Biden kicked off his presidential run last year by drawing a similar contrast to Trump, over the president’s handling of the deadly 2017 white supremacist riots in Charlottesville, Virginia. At the time, Trump said there had been “very good people” on both sides. For weeks, pundits have noted how Biden has dropped the “soul of the nation” message he relied on during the primary in favor of one emphasizing a “New Deal” to fit the scale of the pandemic-induced disaster. But on Friday, he revisited his old language, noting that “the very soul of America is at stake” if the country does not come to terms with the consequences of its long history of racism.

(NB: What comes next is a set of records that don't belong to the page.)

lemma has_derivative_along_line:
  assumes "(f has_derivative f') (at p)"
  shows "((\<lambda>s. f (p + s *\<^sub>R d)) has_derivative (\<lambda>r. f' (r *\<^sub>R d))) (at 0)"
proof -
  have "((\<lambda>s. p + s *\<^sub>R d) has_derivative (\<lambda>r. r *\<^sub>R d)) (at 0)"
    by (auto intro!: derivative_eq_intros)
  then show ?thesis
    using diff_chain_at[of "\<lambda>s. p + s *\<^sub>R d" _ 0 f f'] assms by (simp add: o_def)
qed

section \<open>Change of bundle chart\<close>

context
  fixes \<Phi> :: "real \<times> (real^'n) \<Rightarrow> real^'n" and U :: "(real \<times> (real^'n)) set"
  assumes open_U: "open U" and smooth_\<Phi>: "smooth_on U \<Phi>"
begin

lemma chart_has_derivative: "p \<in> U \<Longrightarrow> (\<Phi> has_derivative frechet_derivative \<Phi> (at p)) (at p)"
  by (rule smooth_on_has_derivative[OF open_U smooth_\<Phi>])

lemma chart_derivative_has_derivative:
  "p \<in> U \<Longrightarrow> ((\<lambda>p. frechet_derivative \<Phi> (at p) k) has_derivative second_frechet \<Phi> p k) (at p)"
  unfolding second_frechet_def
  by (rule smooth_on_has_derivative[OF open_U smooth_on_frechet_derivative[OF smooth_\<Phi>]])

lemma linear_chart_derivative: "p \<in> U \<Longrightarrow> linear (frechet_derivative \<Phi> (at p))"
  using chart_has_derivative has_derivative_linear by blast
(* Let $1\le r\le\infty$ and define, for nonzero closed convex cones $P,Q\subseteq\mathbb R^n$, ${\rm Dis}_r(P,Q):={\rm dis}_r(P\cap S_n,Q\cap S_n)$. Then ${\rm Dis}_r$ is a distance on the set of nonzero closed convex cones of $\mathbb R^n$, and $${\rm Dis}_r(P,Q)=2\left\|\left(\sin\left[\tfrac{\Theta(P,Q)}{2}\right],\ \sin\left[\tfrac{\Theta(Q,P)}{2}\right]\right)\right\|_r .$$ In particular $\Lambda(P\cap S_n,Q\cap S_n)=2\sin[\Theta(P,Q)/2]$.
   Context: $S_n:=\{u\in\mathbb R^n:\|u\|=1\}$. For nonempty compact $C,D\subseteq\mathbb R^n$: $\mathtt d_D(x):=\min_{y\in D}\|x-y\|$, $\Lambda(C,D):=\max_{x\in C}\mathtt d_D(x)$, and ${\rm dis}_r(C,D):=\|(\Lambda(C,D),\Lambda(D,C))\|_r$, with $\|\cdot\|_r$ the $\ell^r$-norm on $\mathbb R^2$. For nonzero closed convex cones $P,Q$, $\Theta(P,Q):=\max_{u\in P\cap S_n}\min_{v\in Q\cap S_n}\arccos\langle u,v\rangle$. *)

theory Defs
  imports "HOL-Analysis.Analysis"
begin

definition unit_sphere :: "'a::euclidean_space set" where
  "unit_sphere = {u. norm u = 1}"

definition distfun :: "'a::euclidean_space set \<Rightarrow> 'a \<Rightarrow> real" where
  "distfun D x = (INF y\<in>D. norm (x - y))"

definition excess :: "'a::euclidean_space set \<Rightarrow> 'a set \<Rightarrow> real" where
  "excess C D = (SUP x\<in>C. distfun D x)"

definition lr_norm :: "ereal \<Rightarrow> real \<Rightarrow> real \<Rightarrow> real" where
  "lr_norm r a b =
     (if r = \<infinity> then max \<bar>a\<bar> \<bar>b\<bar>
      else (\<bar>a\<bar> powr real_of_ereal r + \<bar>b\<bar> powr real_of_ereal r) powr (1 / real_of_ereal r))"

definition dis_r :: "ereal \<Rightarrow> 'a::euclidean_space set \<Rightarrow> 'a set \<Rightarrow> real" where
  "dis_r r C D = lr_norm r (excess C D) (excess D C)"

definition Dis_r :: "ereal \<Rightarrow> 'a::euclidean_space set \<Rightarrow> 'a set \<Rightarrow> real" where
  "Dis_r r P Q = dis_r r (P \<inter> unit_sphere) (Q \<inter> unit_sphere)"

definition Theta :: "'a::euclidean_space set \<Rightarrow> 'a set \<Rightarrow> real" where
  "Theta P Q = (SUP u\<in>P \<inter> unit_sphere. INF v\<in>Q \<inter> unit_sphere. arccos (u \<bullet> v))"

definition nz_closed_convex_cones :: "'a::euclidean_space set set" where
  "nz_closed_convex_cones = {P. closed P \<and> convex_cone P \<and> P \<noteq> {0}}"

definition is_distance_on :: "'b set \<Rightarrow> ('b \<Rightarrow> 'b \<Rightarrow> real) \<Rightarrow> bool" where
  "is_distance_on K d \<longleftrightarrow>
     (\<forall>P\<in>K. \<forall>Q\<in>K. 0 \<le> d P Q \<and> (d P Q = 0 \<longleftrightarrow> P = Q) \<and> d P Q = d Q P) \<and>
     (\<forall>P\<in>K. \<forall>Q\<in>K. \<forall>R\<in>K. d P R \<le> d P Q + d Q R)"

end

theory Submission
  imports Defs
begin

text \<open>For unit vectors \<open>u\<close>, \<open>v\<close> the chord \<open>\<parallel>u - v\<parallel>\<close> equals \<open>2 sin (\<theta>/2)\<close> with
  \<open>\<theta> = arccos \<langle>u,v\<rangle>\<close>, and \<open>\<theta> \<mapsto> 2 sin (\<theta>/2)\<close> is increasing on \<open>[0,\<pi>]\<close>. Hence it
  commutes with the minimum over \<open>v\<close> and the maximum over \<open>u\<close> (both attained by compactness),
  which turns the excess \<open>\<Lambda>\<close> of the spherical traces into \<open>2 sin (\<Theta>/2)\<close>.
  The \<open>\<ell>\<^sup>r\<close>-combination of the two one-sided excesses is a metric on nonempty compact sets
  (Minkowski's inequality in \<open>\<real>\<^sup>2\<close>), and a cone is determined by its trace on the sphere,
  so this metric pulls back to the nonzero closed convex cones.\<close>

lemma powr_convex_nonneg:
  assumes "p \<ge> 1"
  shows "convex_on {0..} (\<lambda>x::real. x powr p)"
proof (rule convex_on_linorderI)
  fix t x y :: real
  assume t: "0 < t" "t < 1" and xy: "x \<in> {0..}" "y \<in> {0..}" "x < y"
  show "((1 - t) *\<^sub>R x + t *\<^sub>R y) powr p \<le> (1 - t) * x powr p + t * y powr p"
  proof (cases "x = 0")
    case True
    have "t powr p \<le> t"
      using powr_le_one_le[of t p] t assms by simp
    then have "t powr p * y powr p \<le> t * y powr p"
      by (simp add: mult_right_mono)
    then show ?thesis
      using True t xy assms by (simp add: powr_mult)
  next
    case False
    then show ?thesis
      using convex_onD[OF powr_convex[OF assms], of t x y] t xy by simp
  qed
qed simp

The outrage over Floyd’s death has offered new salience for that message. Biden ascended to the top of the Democratic ticket despite his controversial track record on issues related to race and criminal justice. As a senator from Delaware, he was an author of the 1994 crime bill that ushered in an era of mass incarceration and heavy policing. But he owes his presumptive nomination in large part to the support of Black voters—as well as to his ability to express empathy in office and on the campaign trail. On Friday, that empathy was on full display.